The required result is an exact copy of the lines beginning at the line that contains "by (rule valid_seq_gadgets)" and ending at the last line of the material below.
=== Section Start ===
lemma conflict_free_gadgets_routing:
  "length (concat (map (gadget_routing N) bs)) = length (gadgets N g bs)
   \<and> conflict_free (gadgets N g bs) (concat (map (gadget_routing N) bs))"
proof (induction bs arbitrary: g)
  case (Cons b bs)
  have "length (gadget_routing N b) = length (gadget N g b)"
    by (simp add: gadget_routing_def gadget_def)
  moreover have "conflict_free (gadget N g b) (gadget_routing N b)"
    by (cases b) (auto simp: gadget_def gadget_routing_def conflict_free_def distinct_map
        inj_on_def zip_map1 zip_map2 zip_same_conv_map split: if_splits)
  ultimately show ?case
    using Cons.IH[of "Suc g"] conflict_free_append[OF _ _ _ gadget_gadgets_disjoint_switches]
    by simp
qed (simp add: conflict_free_def)

lemma valid_seq_gadgets:
  assumes "2 \<le> N" "3 * length bs \<le> R"
  shows "valid_seq N R (gadgets N 0 bs)"
  using assms set_gadgets_switches[of _ N 0 bs] set_gadgets_servers_demands[OF assms(1)]
  by (intro valid_seq_if_distinct_endpoints distinct_endpoints_gadgets) fastforce

lemma OPT_gadgets:
  assumes "2 \<le> N" "3 * length bs \<le> R" "bs \<noteq> []"
  shows "OPT N R (gadgets N 0 bs) = 1"
proof (rule OPT_eq_1_if_conflict_free)
  show "\<forall>f\<in>set (gadgets N 0 bs). dem f = 1"
    using set_gadgets_servers_demands[OF assms(1)] by blast
  show "valid_seq N R (gadgets N 0 bs)" using assms(1,2) by (rule valid_seq_gadgets)
  show "gadgets N 0 bs \<noteq> []" using assms(3) by simp
  show "is_routing N (gadgets N 0 bs) (concat (map (gadget_routing N) bs))"
    using conflict_free_gadgets_routing[of N bs 0] assms(1)
    by (auto simp: is_routing_def gadget_routing_def split: if_splits)
  show "conflict_free (gadgets N 0 bs) (concat (map (gadget_routing N) bs))"
    using conflict_free_gadgets_routing by blast
qed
=== Section End ===
[Solved exercise]
  show "valid_seq N R (gadgets N 0 bs)" using assms(1,2) by (rule valid_seq_gadgets)
  show "gadgets N 0 bs \<noteq> []" using assms(3) by simp
  show "is_routing N (gadgets N 0 bs) (concat (map (gadget_routing N) bs))"
    using conflict_free_gadgets_routing[of N bs 0] assms(1)
    by (auto simp: is_routing_def gadget_routing_def split: if_splits)
  show "conflict_free (gadgets N 0 bs) (concat (map (gadget_routing N) bs))"
    using conflict_free_gadgets_routing by blast
qed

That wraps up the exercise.